顧蔓庭聽著他面不改色心不跳的硬生生拔高著自己的高度,通紅著臉只恨不得將頭埋到地下去。

這下可好。看來她回去以後必須得去學習編織了……

方淑蘭看著那條披肩溫婉地笑,算是接受了,卻並沒有迫不及待地去試一下。葉錚的話說出來就像是在她耳邊刮過一陣風似的,那定然是一個字都不能信的。

“是顧……”女人頓了一下。為了表示親昵而又不會太過親昵,還是省略去姓氏吧。“蔓庭挑的啊,那還真是有心了。不過太破費了,你們掙點錢也不容易,這種東西,下回還是免了吧。”

顧蔓庭揣度著她話裏的弦外之音,硬著頭皮道:“沒有啊媽,孝敬您,是我們應該做的。”

破費這個詞,用的確實也沒錯。男人出手總是闊綽的,光是她身上的這條裙子,就是上千塊的名牌。這樣的價值,一個小小的顧蔓庭,當然是絕對負擔不起的。

掙點錢也不容易。對她而言,確實不容易。

為了防止自己的思維再發散下去,顧蔓庭主動跑到了廚房去洗碗。這大概已經是她養成的習慣了,以前幫自己的母親來做,結了婚就和男人分攤著來做。但她這個舉動卻令方淑蘭無端皺起了眉頭來,終是沒有出聲反對。

“過幾天你周叔叔家裏舉辦宴會,這是請柬。”

女人將紅色的卡紙放到了葉錚面前,見他興致缺缺地看了一眼,剛要開口說點什麽,方淑蘭就先他一步開了口,“你是想拒絕嗎?”

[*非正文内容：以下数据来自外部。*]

(* If $G$ is a connected graph with girth at least $5$ and maximum degree $\Delta$, then $\chi_D(G)\le \Delta+2$.
   Context: A $k$-coloring of a graph $G$ is a map $\varphi:V(G)\to\{1,\dots,k\}$; it is proper if adjacent vertices get different colors. A coloring $\varphi$ is distinguishing if the only automorphism $f$ of $G$ with $\varphi(f(v))=\varphi(v)$ for all $v$ is the identity. $\chi_D(G)$ is the smallest number of colors in a proper distinguishing coloring of $G$. *)

theory Defs
  imports Main "HOL-Library.Extended_Nat"
begin

definition simple_graph :: "'a set \<Rightarrow> ('a \<Rightarrow> 'a \<Rightarrow> bool) \<Rightarrow> bool" where
  "simple_graph V E \<longleftrightarrow> finite V \<and> (\<forall>u v. E u v \<longrightarrow> u \<in> V \<and> v \<in> V)
     \<and> (\<forall>u v. E u v \<longrightarrow> E v u) \<and> (\<forall>v. \<not> E v v)"

definition degree :: "'a set \<Rightarrow> ('a \<Rightarrow> 'a \<Rightarrow> bool) \<Rightarrow> 'a \<Rightarrow> nat" where
  "degree V E v = card {u \<in> V. E v u}"

definition max_degree :: "'a set \<Rightarrow> ('a \<Rightarrow> 'a \<Rightarrow> bool) \<Rightarrow> nat" where
  "max_degree V E = Max (degree V E ` V)"

definition connected_graph :: "'a set \<Rightarrow> ('a \<Rightarrow> 'a \<Rightarrow> bool) \<Rightarrow> bool" where
  "connected_graph V E \<longleftrightarrow> V \<noteq> {} \<and> (\<forall>u\<in>V. \<forall>v\<in>V. E\<^sup>*\<^sup>* u v)"

definition is_cycle :: "'a set \<Rightarrow> ('a \<Rightarrow> 'a \<Rightarrow> bool) \<Rightarrow> 'a list \<Rightarrow> bool" where
  "is_cycle V E cs \<longleftrightarrow> length cs \<ge> 3 \<and> distinct cs \<and> set cs \<subseteq> V
     \<and> (\<forall>i. Suc i < length cs \<longrightarrow> E (cs ! i) (cs ! Suc i))
     \<and> E (last cs) (hd cs)"

text \<open>Girth: length of a shortest cycle (infinity if the graph is acyclic).\<close>
definition girth :: "'a set \<Rightarrow> ('a \<Rightarrow> 'a \<Rightarrow> bool) \<Rightarrow> enat" where
  "girth V E = (INF cs \<in> {cs. is_cycle V E cs}. enat (length cs))"

definition automorphism :: "'a set \<Rightarrow> ('a \<Rightarrow> 'a \<Rightarrow> bool) \<Rightarrow> ('a \<Rightarrow> 'a) \<Rightarrow> bool" where
  "automorphism V E f \<longleftrightarrow> bij_betw f V V \<and> (\<forall>u\<in>V. \<forall>v\<in>V. E u v \<longleftrightarrow> E (f u) (f v))"

definition k_coloring :: "'a set \<Rightarrow> nat \<Rightarrow> ('a \<Rightarrow> nat) \<Rightarrow> bool" where
  "k_coloring V k \<phi> \<longleftrightarrow> \<phi> ` V \<subseteq> {1..k}"

definition proper_coloring :: "'a set \<Rightarrow> ('a \<Rightarrow> 'a \<Rightarrow> bool) \<Rightarrow> ('a \<Rightarrow> nat) \<Rightarrow> bool" where
  "proper_coloring V E \<phi> \<longleftrightarrow> (\<forall>u\<in>V. \<forall>v\<in>V. E u v \<longrightarrow> \<phi> u \<noteq> \<phi> v)"

definition distinguishing_coloring :: "'a set \<Rightarrow> ('a \<Rightarrow> 'a \<Rightarrow> bool) \<Rightarrow> ('a \<Rightarrow> nat) \<Rightarrow> bool" where
  "distinguishing_coloring V E \<phi> \<longleftrightarrow>
     (\<forall>f. automorphism V E f \<and> (\<forall>v\<in>V. \<phi> (f v) = \<phi> v) \<longrightarrow> (\<forall>v\<in>V. f v = v))"

definition distinguishing_chromatic_number :: "'a set \<Rightarrow> ('a \<Rightarrow> 'a \<Rightarrow> bool) \<Rightarrow> nat" where
  "distinguishing_chromatic_number V E =
     (LEAST k. \<exists>\<phi>. k_coloring V k \<phi> \<and> proper_coloring V E \<phi> \<and> distinguishing_coloring V E \<phi>)"

end

theory Submission
  imports Defs
begin

text \<open>Fix a root v and a breadth-first ordering \<rho> of the vertices. Colour v with the
  private colour \<Delta> + 2 and then greedily colour the remaining vertices in the order \<rho>
  with colours from 1..\<Delta>+1, where u must avoid the colours of its earlier neighbours and
  of its rivals: earlier vertices w whose unique earlier neighbour p is also the only
  neighbour of u ranked below w. Girth at least 5 and the BFS property force u itself to
  have p as unique earlier neighbour whenever it has a rival, and all rivals are
  neighbours of p other than u, so at most \<Delta> colours are forbidden. A colour-preserving
  automorphism fixes v, and if it fixes everything before u but moves u to z, then (no
  4-cycles) u is a rival of z, contradicting c z = c u.\<close>

locale finite_simple_graph =
  fixes V :: "'a set" and E :: "'a \<Rightarrow> 'a \<Rightarrow> bool"
  assumes simple: "simple_graph V E"
begin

葉錚便把話給咽了回去。像他這樣的家庭,各種各樣的交際、應酬總是少不了的。隨便立個名目,就能將那些權貴們聚集在一起,巧言令色,拉幫結派。而他也不過是其中的一員。

方淑蘭說:“我這次回來,是和蕊兒一起回來的。”

葉錚挑了挑眉毛。

“你周叔叔也是你爸爸的老朋友了,女兒學成歸來,他也挺高興的。你不能駁了他的面子。更何況蕊兒也挺想見你的……”方淑蘭笑了笑,“你們兩個的關系不是很好嗎?”

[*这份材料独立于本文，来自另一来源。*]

(* In both cases the T- and V-components of gamma' cancel, so gamma' = g U with g nowhere zero
   by regularity, and the unit tangent of gamma is sgn(g) U. If it makes a constant angle with d,
   then U . d only takes the values c and -c, hence is constant by continuity. Conversely, if
   U . l = c with c nonzero, then gamma . l has derivative c g, which never vanishes; by Darboux's
   theorem g has constant sign, so the unit tangent makes a constant angle with l. *)

lemma DERIV_sign_change_imp_zero:
  fixes f f' :: "real \<Rightarrow> real"
  assumes "a < b"
    and der: "\<And>x. x \<in> {a..b} \<Longrightarrow> (f has_real_derivative f' x) (at x)"
    and "f' a > 0" "f' b < 0"
  obtains c where "a < c" "c < b" "f' c = 0"
proof -
  have "continuous_on {a..b} f"
    using der by (meson DERIV_isCont continuous_at_imp_continuous_on)
  then obtain c where c: "c \<in> {a..b}" and max: "\<And>y. y \<in> {a..b} \<Longrightarrow> f y \<le> f c"
    using continuous_attains_sup[of "{a..b}" f] \<open>a < b\<close> by auto
  obtain d1 where "d1 > 0" and d1: "\<And>h. 0 < h \<Longrightarrow> h < d1 \<Longrightarrow> f a < f (a + h)"
    using DERIV_pos_inc_right[OF der \<open>f' a > 0\<close>] \<open>a < b\<close> by auto
  obtain d2 where "d2 > 0" and d2: "\<And>h. 0 < h \<Longrightarrow> h < d2 \<Longrightarrow> f b < f (b - h)"
    using DERIV_neg_dec_left[OF der \<open>f' b < 0\<close>] \<open>a < b\<close> by auto
  define h where "h = min (min d1 d2) (b - a) / 2"
  have "0 < h" "h < d1" "h < d2" "h < b - a"
    using \<open>d1 > 0\<close> \<open>d2 > 0\<close> \<open>a < b\<close> by (auto simp: h_def)
  then have "f a < f c" "f b < f c"
    using d1[of h] d2[of h] max[of "a + h"] max[of "b - h"] by auto
  then have "a < c" "c < b"
    using c by (auto simp: order.order_iff_strict)
  moreover have "f' c = 0"
    by (rule DERIV_local_max[OF der, of c "min (c - a) (b - c)"])
       (use \<open>a < c\<close> \<open>c < b\<close> max in \<open>auto simp: abs_if\<close>)
  ultimately show thesis
    using that by blast
qed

好嗎?葉錚在腦海裏面回想了半天,才漸漸憶起了蕊兒姑娘的一個輪廓。

“哦。”他淡淡地應了一聲,“那我帶庭庭一起去。”

“你!”方淑蘭被噎了一下,臉色有些不好,目光中流露出震驚。“你故意的?”半晌後女人順了一下氣道:“隨便你。”

只要她不給他丟臉就好了。

方淑蘭幾乎可以斷定,對於顧蔓庭這樣的女孩子來說,那樣的場合鐵定是完全陌生的。

葉錚的唇邊勾起一抹笑容來,像是彰顯著自己的勝利。他誠懇地道:“媽,我覺得這件披肩比起您脖子上的絲巾來要適合多了。真的。”

女人的目光移過去,輕笑,“還不是花你的錢。”

她介意的大概也就是這一點了。平凡女子嫁入了豪門,怎麽看都是麻雀變鳳凰攀了高枝了。葉錚的手指輕輕點著桌面,“我掙錢就是給我老婆花的……您平時也不經常拿著我爸的金卡去消費嗎?”

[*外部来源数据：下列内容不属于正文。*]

theorem theorem5:
  fixes N :: "real^'n \<Rightarrow> real" and A :: "real^'n^'m::finite" and b :: "real^'m"
  assumes "is_norm N"
    and "feas A b \<noteq> {}"
    and "bounded (feas A b)"
  shows "Lipusc N A b = Max ((\<lambda>x. clm N A b x) ` extr_set A b)"
proof -
  interpret vector_norm N
    by (rule vector_norm.intro[OF assms(1)])
  have E: "extr_set A b = {v. v extreme_point_of feas A b}"
    by (rule extr_set_eq[OF assms(2,3)])
  have fin: "finite (clm N A b ` extr_set A b)"
    unfolding E by (intro finite_imageI finite_extreme_points_feas)
  have ne: "clm N A b ` extr_set A b \<noteq> {}"
    unfolding E using extreme_point_exists_convex[OF compact_feas[OF assms(3)] convex_feas assms(2)]
    by blast
  show ?thesis
  proof (rule antisym)
    show "Lipusc N A b \<le> Max (clm N A b ` extr_set A b)"
    proof (rule Lipusc_le_of_clm_le[OF assms(2,3)])
      fix x assume "x \<in> feas A b"
      then obtain v where "v extreme_point_of feas A b" and "clm N A b x \<le> clm N A b v"
        by (rule clm_le_clm_at_extreme_point[OF assms(3)])
      then show "clm N A b x \<le> Max (clm N A b ` extr_set A b)"
        using fin by (auto simp: E intro: order_trans[OF _ Max_ge])
    qed
    show "Max (clm N A b ` extr_set A b) \<le> Lipusc N A b"
      using fin ne clm_le_Lipusc by auto
  qed
qed

end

“你!”她這個兒子可真好,就像是存心來跟她擡杠的。方淑蘭將眼睛瞪了起來,“那能一樣嗎?”話未說完,就聽見廚房裏面傳來什麽東西碎掉的聲音。兩人的目光同時望過去,女人也順利地轉移了話題,嘆氣道:“果然還是這麽毛毛躁躁的。”

毫無疑問的是顧蔓庭將碗給打碎了。

她蹲在那裏,想將碎片撿起來。葉錚就急匆匆地沖過來,抓住了她的手腕。“別動。”他突如其來的喝止聲可把顧蔓庭給嚇壞了。

然後就見一個圍著圍裙的老婦人也跟著跑了過來,哭喪著一張臉道:“少、少奶奶,您怎麽會……這種事情交給我來做就好了啊……”

顧蔓庭將嘴巴張成“O”字型。

誰是少奶奶?

這個稱呼太玄幻了啊……

葉錚抓著她的指尖問:“有沒有傷到?”

“怎麽可能。”她連碗的碎片都沒有碰到。顧蔓庭想她真的不應該一邊擦碗一邊還好奇著外面的兩人在討論著什麽,這不,手一滑就闖禍了吧。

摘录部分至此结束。